_What you have to do_
Copy each line below containing "definition".

_Given entries_
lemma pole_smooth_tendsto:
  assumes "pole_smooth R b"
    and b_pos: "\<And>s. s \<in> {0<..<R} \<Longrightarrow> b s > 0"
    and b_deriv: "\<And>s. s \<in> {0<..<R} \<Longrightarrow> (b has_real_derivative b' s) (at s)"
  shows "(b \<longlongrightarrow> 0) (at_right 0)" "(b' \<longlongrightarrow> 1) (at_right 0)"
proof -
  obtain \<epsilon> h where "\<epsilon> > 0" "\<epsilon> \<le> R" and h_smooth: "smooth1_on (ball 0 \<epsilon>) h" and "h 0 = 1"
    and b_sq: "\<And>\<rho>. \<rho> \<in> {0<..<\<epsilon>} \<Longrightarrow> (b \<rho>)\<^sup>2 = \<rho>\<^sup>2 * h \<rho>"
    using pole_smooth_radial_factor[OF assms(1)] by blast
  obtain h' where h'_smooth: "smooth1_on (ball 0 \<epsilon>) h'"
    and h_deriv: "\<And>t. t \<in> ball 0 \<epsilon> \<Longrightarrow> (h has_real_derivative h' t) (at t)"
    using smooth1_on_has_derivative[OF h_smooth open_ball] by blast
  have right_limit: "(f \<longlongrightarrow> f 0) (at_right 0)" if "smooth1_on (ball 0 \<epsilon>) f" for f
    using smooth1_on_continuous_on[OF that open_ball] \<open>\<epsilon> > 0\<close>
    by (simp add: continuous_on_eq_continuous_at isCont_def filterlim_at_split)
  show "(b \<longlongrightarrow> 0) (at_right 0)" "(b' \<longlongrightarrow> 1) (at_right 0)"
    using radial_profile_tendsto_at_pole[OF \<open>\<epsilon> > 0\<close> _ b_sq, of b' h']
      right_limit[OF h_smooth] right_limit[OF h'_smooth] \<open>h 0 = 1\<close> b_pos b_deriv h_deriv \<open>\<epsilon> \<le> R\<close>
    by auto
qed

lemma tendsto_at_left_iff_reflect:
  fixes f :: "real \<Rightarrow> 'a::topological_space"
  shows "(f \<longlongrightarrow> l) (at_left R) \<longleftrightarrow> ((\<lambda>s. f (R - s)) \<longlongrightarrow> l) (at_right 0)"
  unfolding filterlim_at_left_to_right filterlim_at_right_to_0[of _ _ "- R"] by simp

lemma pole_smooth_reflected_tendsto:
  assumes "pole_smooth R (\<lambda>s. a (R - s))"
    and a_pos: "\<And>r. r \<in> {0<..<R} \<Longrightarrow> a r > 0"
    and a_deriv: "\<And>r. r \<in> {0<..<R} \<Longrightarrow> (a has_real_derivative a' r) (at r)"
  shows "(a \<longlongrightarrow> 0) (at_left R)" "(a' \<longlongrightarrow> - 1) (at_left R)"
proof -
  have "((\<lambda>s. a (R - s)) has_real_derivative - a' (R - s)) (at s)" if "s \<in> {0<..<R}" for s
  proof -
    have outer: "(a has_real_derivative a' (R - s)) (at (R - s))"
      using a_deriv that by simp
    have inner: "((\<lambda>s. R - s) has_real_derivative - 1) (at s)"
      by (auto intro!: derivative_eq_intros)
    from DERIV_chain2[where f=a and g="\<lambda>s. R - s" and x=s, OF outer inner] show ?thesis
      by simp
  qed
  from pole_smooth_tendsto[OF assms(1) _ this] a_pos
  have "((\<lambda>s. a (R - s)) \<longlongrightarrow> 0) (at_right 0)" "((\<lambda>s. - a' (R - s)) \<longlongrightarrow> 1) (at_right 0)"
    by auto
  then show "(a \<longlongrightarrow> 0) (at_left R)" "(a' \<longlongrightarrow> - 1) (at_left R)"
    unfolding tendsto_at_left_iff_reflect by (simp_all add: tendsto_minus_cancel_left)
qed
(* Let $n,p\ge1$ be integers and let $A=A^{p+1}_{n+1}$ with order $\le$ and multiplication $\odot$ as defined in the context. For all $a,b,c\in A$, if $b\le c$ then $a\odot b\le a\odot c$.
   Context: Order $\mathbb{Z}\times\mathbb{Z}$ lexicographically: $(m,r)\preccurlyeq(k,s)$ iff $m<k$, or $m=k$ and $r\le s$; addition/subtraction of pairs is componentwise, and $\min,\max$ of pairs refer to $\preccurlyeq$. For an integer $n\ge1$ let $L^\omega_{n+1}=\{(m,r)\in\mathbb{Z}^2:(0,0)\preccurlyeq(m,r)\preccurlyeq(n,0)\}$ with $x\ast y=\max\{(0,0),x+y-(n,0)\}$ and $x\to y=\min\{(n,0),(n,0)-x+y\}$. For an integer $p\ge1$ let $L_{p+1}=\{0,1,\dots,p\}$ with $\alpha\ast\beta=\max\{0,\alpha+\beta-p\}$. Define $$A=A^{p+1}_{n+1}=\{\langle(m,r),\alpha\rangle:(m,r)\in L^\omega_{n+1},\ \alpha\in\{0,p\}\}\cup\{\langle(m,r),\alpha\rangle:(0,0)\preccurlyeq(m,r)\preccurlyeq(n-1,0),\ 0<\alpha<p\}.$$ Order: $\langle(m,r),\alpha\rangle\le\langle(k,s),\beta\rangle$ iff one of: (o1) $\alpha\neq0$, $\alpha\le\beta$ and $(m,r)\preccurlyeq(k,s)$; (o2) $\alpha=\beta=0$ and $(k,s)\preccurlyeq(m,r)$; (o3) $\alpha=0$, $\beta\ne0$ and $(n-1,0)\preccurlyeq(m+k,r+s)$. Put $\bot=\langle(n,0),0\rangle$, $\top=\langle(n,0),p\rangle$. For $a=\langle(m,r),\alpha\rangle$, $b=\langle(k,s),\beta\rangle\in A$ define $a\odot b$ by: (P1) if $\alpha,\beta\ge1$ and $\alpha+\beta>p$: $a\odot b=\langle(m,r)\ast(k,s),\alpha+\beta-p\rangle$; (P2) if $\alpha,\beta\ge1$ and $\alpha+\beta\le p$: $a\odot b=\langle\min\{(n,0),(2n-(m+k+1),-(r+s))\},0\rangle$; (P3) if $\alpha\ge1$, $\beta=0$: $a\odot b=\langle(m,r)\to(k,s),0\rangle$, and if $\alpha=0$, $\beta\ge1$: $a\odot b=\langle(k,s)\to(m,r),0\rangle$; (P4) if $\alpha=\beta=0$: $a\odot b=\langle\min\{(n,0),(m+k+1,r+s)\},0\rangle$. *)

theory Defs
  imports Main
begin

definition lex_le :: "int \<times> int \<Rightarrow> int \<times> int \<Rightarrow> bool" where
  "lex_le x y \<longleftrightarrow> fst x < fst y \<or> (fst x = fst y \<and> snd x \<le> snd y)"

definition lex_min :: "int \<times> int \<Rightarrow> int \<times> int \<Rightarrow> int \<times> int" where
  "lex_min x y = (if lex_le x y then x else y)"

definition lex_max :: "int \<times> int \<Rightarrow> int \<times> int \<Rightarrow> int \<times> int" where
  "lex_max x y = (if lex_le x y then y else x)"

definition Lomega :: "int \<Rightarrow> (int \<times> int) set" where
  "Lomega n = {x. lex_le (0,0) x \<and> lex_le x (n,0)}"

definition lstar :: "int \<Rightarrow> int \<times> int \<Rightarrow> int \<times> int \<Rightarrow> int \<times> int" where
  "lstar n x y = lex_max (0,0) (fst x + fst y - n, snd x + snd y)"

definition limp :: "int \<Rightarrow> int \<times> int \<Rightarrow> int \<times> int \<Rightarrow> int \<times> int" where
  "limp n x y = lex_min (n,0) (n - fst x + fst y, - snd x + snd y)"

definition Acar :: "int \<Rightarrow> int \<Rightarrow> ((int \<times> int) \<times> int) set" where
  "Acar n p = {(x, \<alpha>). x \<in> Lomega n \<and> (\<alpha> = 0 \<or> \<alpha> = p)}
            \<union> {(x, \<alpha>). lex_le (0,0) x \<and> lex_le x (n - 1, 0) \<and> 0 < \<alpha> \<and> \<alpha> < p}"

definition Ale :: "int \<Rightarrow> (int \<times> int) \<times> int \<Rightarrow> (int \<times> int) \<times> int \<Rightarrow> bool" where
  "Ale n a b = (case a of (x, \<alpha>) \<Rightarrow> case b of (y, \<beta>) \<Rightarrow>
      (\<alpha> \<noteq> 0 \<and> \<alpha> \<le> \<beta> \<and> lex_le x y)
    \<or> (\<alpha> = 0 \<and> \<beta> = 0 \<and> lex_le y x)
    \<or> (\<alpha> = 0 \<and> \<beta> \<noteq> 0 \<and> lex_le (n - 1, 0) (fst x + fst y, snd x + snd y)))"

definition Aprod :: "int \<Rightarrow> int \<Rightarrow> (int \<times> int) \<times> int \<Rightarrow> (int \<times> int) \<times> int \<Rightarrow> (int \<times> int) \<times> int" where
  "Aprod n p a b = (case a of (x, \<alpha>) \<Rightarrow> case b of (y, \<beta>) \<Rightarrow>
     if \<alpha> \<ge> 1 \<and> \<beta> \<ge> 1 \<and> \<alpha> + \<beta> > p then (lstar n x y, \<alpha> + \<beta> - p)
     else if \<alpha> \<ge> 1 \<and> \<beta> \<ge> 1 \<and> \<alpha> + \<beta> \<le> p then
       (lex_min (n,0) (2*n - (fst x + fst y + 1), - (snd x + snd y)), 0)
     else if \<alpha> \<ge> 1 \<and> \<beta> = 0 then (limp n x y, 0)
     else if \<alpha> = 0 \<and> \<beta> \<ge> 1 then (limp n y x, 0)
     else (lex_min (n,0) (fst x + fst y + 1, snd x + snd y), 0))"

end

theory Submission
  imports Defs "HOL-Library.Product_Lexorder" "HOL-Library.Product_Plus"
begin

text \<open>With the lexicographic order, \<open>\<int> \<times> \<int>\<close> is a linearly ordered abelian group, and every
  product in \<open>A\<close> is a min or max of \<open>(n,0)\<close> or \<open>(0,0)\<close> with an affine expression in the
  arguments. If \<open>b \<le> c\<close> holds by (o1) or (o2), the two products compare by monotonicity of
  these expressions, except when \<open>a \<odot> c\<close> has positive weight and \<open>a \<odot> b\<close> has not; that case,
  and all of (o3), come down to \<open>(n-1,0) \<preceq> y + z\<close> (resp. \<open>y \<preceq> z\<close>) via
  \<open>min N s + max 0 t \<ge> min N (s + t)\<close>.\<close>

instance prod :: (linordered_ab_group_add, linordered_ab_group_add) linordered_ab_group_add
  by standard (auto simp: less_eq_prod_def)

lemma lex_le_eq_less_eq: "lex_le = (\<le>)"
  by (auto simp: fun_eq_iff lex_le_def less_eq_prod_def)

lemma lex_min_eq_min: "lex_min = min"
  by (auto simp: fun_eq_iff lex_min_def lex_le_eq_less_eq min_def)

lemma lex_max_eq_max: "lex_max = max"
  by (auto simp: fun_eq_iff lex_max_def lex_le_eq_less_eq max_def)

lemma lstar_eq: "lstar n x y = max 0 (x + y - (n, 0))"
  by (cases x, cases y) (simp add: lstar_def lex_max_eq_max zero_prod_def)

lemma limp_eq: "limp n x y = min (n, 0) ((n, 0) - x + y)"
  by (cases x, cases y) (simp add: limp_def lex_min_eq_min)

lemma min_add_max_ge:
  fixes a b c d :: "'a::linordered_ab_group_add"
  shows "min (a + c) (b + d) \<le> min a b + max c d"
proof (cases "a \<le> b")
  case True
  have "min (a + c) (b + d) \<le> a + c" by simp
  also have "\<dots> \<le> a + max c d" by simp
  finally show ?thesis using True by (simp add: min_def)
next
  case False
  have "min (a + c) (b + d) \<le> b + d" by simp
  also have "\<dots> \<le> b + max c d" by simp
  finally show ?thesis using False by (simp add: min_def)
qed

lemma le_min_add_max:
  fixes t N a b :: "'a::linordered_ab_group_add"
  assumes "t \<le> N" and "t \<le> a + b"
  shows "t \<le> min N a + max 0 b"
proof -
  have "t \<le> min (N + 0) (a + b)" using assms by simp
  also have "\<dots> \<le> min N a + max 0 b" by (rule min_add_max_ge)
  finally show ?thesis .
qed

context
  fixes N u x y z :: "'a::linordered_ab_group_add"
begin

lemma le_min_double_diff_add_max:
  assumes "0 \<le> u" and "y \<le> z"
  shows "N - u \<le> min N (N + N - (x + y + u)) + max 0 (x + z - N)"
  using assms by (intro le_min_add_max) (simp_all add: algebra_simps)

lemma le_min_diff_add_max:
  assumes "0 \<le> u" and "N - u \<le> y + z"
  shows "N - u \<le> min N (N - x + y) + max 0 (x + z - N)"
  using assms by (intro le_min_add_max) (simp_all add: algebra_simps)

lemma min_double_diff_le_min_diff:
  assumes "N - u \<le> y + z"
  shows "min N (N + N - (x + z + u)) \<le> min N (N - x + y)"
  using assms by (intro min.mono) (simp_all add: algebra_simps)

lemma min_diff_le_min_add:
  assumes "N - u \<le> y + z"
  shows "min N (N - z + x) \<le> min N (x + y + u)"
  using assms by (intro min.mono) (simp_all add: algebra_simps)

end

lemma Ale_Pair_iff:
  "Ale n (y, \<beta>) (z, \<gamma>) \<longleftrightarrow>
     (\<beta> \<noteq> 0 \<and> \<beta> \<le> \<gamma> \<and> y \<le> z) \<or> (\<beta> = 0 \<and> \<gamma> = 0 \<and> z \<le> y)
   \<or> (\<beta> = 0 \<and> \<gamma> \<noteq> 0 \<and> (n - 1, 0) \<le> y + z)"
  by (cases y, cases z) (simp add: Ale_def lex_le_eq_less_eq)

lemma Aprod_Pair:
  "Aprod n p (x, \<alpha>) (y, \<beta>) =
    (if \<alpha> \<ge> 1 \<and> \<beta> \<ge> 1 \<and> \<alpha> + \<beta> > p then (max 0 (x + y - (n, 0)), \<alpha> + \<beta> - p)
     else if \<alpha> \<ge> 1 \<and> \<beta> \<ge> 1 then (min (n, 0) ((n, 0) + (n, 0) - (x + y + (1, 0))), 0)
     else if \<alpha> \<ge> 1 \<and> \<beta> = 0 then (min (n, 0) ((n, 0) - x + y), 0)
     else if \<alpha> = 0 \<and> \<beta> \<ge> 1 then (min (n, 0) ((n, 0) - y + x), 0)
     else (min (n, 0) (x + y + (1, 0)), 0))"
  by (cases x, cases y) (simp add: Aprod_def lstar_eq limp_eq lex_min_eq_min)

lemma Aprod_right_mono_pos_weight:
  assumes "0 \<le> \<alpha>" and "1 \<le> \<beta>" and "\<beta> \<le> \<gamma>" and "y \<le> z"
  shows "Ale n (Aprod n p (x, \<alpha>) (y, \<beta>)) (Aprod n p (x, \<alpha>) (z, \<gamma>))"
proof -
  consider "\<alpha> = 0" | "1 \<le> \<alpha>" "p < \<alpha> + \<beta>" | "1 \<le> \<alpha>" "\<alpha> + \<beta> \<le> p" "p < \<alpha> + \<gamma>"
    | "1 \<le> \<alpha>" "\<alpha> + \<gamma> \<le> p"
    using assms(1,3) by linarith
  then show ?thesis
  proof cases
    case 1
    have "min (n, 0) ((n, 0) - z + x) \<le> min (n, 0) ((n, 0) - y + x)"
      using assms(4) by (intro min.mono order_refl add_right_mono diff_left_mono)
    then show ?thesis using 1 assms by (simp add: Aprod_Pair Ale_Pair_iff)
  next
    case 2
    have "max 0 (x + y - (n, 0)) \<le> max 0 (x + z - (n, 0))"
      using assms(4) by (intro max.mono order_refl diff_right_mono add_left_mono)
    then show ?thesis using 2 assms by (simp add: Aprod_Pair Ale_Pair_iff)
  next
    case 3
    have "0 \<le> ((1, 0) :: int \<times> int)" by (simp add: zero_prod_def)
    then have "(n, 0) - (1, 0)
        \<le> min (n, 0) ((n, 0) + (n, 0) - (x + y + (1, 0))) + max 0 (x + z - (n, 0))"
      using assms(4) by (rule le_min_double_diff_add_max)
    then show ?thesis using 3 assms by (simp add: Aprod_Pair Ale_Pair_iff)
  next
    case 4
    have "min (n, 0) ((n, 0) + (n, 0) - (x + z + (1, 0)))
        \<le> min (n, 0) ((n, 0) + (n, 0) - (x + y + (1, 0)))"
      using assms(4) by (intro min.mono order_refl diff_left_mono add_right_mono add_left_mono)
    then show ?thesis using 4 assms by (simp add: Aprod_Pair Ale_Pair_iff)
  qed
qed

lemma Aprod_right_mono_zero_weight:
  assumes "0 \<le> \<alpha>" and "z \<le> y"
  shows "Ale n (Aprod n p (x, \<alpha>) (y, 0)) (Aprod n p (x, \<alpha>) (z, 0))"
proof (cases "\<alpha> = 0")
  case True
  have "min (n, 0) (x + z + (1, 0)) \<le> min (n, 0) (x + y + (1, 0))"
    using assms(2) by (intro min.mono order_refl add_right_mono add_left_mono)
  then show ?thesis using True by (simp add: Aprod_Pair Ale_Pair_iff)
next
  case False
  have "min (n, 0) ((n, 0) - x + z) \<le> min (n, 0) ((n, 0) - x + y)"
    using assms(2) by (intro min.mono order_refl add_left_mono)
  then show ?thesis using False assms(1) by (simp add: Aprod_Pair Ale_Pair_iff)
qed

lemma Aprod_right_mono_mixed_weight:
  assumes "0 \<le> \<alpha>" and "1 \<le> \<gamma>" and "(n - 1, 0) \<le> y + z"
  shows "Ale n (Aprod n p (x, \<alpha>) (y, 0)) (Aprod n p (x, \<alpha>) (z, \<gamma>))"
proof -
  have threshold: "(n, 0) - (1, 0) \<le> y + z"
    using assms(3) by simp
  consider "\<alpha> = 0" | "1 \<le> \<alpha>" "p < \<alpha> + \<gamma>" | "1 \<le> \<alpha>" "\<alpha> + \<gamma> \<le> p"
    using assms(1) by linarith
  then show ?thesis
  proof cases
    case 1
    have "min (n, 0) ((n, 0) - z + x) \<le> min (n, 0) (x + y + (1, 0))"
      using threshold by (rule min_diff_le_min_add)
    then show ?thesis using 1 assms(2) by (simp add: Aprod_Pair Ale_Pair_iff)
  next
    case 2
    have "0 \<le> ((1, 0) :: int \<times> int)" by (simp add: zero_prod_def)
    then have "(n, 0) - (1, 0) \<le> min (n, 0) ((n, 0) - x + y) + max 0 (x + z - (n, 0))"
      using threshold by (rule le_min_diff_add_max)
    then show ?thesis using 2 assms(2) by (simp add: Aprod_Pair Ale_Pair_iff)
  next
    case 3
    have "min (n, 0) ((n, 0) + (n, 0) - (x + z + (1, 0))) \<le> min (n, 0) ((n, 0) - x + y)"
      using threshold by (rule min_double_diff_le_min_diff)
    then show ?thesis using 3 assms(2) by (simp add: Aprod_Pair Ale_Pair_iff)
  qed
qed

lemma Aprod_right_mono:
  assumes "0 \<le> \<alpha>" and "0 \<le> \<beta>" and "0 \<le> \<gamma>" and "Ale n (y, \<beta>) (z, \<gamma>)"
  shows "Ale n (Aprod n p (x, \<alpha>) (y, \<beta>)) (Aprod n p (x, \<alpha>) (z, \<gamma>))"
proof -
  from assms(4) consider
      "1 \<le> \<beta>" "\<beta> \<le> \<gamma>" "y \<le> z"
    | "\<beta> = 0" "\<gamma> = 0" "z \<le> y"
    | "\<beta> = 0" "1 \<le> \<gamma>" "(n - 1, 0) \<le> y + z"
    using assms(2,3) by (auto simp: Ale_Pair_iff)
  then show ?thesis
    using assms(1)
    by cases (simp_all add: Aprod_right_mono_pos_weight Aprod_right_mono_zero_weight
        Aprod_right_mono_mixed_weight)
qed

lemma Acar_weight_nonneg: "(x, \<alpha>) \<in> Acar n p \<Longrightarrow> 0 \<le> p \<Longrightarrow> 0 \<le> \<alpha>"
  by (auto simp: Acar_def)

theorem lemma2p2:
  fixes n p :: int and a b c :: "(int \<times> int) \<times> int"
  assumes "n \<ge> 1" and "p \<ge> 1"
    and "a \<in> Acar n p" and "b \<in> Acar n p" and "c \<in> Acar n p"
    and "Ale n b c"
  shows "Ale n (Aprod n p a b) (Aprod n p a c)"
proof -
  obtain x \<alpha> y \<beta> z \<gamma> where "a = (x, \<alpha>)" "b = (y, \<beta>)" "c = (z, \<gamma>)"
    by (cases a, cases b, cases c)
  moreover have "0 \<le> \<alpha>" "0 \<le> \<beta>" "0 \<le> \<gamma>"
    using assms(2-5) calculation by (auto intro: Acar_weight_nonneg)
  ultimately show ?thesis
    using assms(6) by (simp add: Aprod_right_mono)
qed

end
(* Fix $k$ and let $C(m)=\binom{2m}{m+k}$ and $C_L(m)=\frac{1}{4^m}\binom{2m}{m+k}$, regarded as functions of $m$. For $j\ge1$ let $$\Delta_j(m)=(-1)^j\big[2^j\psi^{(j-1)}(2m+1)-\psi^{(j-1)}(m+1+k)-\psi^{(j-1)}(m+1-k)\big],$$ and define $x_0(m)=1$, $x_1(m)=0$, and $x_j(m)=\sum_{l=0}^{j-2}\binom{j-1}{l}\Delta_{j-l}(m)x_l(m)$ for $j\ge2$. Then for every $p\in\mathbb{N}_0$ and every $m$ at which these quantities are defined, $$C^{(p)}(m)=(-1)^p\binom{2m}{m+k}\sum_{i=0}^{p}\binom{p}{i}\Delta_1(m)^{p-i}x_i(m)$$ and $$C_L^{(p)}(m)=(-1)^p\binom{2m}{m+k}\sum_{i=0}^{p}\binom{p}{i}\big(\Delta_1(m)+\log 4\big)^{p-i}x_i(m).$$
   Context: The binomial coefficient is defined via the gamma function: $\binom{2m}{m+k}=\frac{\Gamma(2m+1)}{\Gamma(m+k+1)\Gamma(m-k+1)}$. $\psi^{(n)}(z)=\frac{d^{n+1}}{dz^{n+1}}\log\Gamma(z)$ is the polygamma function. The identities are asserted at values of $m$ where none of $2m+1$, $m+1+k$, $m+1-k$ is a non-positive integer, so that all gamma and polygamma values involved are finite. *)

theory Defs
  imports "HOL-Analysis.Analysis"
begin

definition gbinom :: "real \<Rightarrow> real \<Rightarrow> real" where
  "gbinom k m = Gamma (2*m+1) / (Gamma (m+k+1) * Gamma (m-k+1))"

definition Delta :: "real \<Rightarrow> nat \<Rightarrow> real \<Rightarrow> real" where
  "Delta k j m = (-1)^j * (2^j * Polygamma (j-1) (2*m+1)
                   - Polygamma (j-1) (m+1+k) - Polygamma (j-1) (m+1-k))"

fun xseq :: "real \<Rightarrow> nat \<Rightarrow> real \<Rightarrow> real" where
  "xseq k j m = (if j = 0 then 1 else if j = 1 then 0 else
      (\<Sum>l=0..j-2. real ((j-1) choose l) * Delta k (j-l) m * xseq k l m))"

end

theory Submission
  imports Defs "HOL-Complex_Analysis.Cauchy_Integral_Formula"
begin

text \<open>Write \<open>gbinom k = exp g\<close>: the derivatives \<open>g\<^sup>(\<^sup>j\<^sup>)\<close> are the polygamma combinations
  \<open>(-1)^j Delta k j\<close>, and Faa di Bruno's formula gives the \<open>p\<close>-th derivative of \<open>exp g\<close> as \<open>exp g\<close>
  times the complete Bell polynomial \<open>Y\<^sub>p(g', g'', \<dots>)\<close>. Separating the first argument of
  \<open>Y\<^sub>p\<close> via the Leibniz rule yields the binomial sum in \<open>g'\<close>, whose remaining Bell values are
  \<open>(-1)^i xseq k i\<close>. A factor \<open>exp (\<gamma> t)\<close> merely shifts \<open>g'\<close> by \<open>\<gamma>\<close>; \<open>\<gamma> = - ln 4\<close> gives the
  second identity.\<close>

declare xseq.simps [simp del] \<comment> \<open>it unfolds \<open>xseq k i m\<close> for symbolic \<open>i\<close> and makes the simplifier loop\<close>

_Answer for this exercise_
definition lex_le :: "int \<times> int \<Rightarrow> int \<times> int \<Rightarrow> bool" where
definition lex_min :: "int \<times> int \<Rightarrow> int \<times> int \<Rightarrow> int \<times> int" where
definition lex_max :: "int \<times> int \<Rightarrow> int \<times> int \<Rightarrow> int \<times> int" where
definition Lomega :: "int \<Rightarrow> (int \<times> int) set" where
definition lstar :: "int \<Rightarrow> int \<times> int \<Rightarrow> int \<times> int \<Rightarrow> int \<times> int" where
definition limp :: "int \<Rightarrow> int \<times> int \<Rightarrow> int \<times> int \<Rightarrow> int \<times> int" where
definition Acar :: "int \<Rightarrow> int \<Rightarrow> ((int \<times> int) \<times> int) set" where
definition Ale :: "int \<Rightarrow> (int \<times> int) \<times> int \<Rightarrow> (int \<times> int) \<times> int \<Rightarrow> bool" where
definition Aprod :: "int \<Rightarrow> int \<Rightarrow> (int \<times> int) \<times> int \<Rightarrow> (int \<times> int) \<times> int \<Rightarrow> (int \<times> int) \<times> int" where
definition gbinom :: "real \<Rightarrow> real \<Rightarrow> real" where
definition Delta :: "real \<Rightarrow> nat \<Rightarrow> real \<Rightarrow> real" where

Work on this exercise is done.